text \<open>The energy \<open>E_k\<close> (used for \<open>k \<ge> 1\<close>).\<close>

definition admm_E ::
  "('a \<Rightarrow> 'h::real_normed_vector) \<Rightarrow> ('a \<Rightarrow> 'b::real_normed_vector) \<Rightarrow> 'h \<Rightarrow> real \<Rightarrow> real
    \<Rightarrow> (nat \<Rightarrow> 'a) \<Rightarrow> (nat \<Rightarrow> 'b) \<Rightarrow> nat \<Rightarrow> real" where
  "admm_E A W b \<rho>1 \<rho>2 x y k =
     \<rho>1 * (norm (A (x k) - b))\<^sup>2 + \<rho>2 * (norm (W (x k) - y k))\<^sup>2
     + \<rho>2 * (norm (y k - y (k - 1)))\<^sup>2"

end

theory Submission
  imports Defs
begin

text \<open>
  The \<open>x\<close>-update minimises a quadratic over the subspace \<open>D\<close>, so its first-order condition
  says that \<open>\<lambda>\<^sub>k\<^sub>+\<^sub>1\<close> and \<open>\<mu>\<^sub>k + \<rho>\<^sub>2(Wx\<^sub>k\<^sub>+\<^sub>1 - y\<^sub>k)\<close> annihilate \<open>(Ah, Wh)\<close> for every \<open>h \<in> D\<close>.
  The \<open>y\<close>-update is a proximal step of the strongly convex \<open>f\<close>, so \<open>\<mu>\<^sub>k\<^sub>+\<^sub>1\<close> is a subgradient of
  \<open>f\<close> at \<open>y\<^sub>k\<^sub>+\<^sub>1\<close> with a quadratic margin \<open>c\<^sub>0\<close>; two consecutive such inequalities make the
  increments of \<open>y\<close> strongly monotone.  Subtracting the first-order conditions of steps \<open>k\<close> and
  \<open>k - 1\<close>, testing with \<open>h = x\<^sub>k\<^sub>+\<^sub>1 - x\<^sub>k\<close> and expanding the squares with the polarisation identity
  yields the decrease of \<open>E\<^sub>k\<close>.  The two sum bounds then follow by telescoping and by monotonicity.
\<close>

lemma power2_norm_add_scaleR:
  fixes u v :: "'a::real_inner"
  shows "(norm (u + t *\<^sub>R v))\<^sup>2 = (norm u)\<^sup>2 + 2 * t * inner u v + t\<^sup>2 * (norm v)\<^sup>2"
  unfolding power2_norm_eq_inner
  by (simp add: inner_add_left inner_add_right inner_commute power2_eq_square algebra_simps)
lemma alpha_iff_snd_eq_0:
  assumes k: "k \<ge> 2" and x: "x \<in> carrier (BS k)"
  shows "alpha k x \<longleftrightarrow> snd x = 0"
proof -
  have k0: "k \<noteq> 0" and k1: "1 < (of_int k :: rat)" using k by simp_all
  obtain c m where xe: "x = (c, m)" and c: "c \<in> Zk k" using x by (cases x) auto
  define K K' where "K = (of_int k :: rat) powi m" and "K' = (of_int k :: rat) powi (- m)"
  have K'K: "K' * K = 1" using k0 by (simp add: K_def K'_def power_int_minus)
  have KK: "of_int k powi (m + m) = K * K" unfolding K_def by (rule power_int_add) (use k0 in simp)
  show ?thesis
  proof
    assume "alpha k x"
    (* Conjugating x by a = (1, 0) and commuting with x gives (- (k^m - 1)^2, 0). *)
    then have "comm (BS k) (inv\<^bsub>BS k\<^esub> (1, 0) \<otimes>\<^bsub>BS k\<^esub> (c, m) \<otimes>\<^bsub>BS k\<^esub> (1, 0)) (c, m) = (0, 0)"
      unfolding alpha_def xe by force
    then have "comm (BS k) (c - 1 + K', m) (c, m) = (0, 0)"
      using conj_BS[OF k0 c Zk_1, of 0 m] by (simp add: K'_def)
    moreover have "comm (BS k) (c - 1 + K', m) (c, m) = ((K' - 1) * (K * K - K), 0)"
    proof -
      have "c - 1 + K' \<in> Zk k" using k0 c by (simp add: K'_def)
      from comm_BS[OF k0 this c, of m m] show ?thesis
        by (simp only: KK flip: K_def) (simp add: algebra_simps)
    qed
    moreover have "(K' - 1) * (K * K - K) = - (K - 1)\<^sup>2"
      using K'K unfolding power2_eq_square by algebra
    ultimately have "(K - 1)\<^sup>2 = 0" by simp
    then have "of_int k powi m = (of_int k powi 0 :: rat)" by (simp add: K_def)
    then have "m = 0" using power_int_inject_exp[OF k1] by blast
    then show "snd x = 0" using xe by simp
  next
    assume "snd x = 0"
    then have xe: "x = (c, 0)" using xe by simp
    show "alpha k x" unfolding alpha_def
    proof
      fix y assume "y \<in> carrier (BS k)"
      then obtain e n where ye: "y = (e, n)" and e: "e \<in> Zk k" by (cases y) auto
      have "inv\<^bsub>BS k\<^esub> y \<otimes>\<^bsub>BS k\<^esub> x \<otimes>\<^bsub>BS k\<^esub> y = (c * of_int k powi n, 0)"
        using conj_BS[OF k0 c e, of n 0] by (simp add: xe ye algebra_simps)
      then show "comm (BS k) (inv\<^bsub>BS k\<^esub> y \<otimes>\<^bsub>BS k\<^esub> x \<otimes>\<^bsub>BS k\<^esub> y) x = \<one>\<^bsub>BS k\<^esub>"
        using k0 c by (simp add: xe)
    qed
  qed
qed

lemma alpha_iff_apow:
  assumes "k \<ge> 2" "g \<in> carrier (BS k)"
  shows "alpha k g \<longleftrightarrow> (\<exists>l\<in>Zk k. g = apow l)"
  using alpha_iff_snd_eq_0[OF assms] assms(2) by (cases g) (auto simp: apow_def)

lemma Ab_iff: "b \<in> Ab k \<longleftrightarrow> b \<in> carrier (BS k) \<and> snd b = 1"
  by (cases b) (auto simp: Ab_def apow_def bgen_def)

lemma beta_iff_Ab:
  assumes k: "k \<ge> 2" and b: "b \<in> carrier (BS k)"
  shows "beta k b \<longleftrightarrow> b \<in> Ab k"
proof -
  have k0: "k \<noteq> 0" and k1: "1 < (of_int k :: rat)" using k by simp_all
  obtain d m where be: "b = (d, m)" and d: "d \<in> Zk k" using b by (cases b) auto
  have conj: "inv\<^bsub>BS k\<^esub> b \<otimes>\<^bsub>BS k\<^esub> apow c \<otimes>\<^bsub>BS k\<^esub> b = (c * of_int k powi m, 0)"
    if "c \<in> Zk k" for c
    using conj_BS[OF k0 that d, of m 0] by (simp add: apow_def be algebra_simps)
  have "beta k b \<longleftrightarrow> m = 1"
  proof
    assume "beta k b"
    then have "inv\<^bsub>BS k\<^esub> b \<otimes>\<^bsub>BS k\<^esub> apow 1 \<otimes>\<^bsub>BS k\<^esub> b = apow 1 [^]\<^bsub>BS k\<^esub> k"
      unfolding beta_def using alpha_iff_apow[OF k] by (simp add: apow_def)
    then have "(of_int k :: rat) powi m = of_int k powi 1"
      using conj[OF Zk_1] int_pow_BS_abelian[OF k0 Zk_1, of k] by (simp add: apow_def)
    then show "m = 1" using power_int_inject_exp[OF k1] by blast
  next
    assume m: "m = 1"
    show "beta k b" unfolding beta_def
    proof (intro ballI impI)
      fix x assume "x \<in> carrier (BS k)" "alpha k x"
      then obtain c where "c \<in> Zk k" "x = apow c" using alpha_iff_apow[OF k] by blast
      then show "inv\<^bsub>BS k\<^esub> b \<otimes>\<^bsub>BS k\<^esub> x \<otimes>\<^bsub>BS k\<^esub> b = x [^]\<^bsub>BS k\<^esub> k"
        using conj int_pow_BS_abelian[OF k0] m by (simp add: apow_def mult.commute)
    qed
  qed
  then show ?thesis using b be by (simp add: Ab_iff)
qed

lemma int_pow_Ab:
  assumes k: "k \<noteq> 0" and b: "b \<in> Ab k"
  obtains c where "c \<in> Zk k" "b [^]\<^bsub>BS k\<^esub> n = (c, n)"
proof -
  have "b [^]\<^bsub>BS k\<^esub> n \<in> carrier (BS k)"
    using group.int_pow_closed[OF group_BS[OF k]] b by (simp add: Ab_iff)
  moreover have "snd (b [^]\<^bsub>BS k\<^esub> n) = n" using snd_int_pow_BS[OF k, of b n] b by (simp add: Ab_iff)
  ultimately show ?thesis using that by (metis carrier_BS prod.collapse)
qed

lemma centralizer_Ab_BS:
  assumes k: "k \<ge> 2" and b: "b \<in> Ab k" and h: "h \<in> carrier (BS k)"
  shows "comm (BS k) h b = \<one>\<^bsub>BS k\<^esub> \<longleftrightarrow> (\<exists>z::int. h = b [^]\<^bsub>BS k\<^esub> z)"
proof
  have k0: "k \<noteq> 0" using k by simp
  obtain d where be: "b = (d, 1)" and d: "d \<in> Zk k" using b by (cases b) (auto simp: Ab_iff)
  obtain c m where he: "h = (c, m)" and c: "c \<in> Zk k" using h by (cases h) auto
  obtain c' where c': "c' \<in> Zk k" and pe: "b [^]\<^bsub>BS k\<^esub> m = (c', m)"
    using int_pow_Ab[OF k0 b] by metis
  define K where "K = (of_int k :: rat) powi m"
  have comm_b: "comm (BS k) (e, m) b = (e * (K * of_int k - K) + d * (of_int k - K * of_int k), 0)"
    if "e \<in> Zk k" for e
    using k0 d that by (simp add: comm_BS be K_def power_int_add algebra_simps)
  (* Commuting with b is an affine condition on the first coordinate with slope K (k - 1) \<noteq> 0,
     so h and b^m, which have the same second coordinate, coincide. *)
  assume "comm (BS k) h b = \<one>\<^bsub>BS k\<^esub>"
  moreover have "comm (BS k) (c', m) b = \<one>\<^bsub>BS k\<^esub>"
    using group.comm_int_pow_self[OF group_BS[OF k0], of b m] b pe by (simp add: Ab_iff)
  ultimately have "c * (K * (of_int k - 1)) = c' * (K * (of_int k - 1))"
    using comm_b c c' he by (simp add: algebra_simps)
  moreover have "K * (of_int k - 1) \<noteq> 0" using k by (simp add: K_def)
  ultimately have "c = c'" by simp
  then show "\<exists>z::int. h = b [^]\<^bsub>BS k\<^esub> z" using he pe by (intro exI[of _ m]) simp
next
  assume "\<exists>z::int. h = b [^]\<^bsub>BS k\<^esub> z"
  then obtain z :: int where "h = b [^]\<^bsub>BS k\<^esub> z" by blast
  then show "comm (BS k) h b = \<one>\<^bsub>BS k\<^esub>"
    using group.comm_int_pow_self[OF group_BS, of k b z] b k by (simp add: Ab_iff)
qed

◆ Exercise directions ◆
Copy every line of the listing where the word "that" appears.

◆ Answer section ◆
  says that \<open>\<lambda>\<^sub>k\<^sub>+\<^sub>1\<close> and \<open>\<mu>\<^sub>k + \<rho>\<^sub>2(Wx\<^sub>k\<^sub>+\<^sub>1 - y\<^sub>k)\<close> annihilate \<open>(Ah, Wh)\<close> for every \<open>h \<in> D\<close>.
    using conj_BS[OF k0 that d, of m 0] by (simp add: apow_def be algebra_simps)
  ultimately show ?thesis using that by (metis carrier_BS prod.collapse)
    using k0 d that by (simp add: comm_BS be K_def power_int_add algebra_simps)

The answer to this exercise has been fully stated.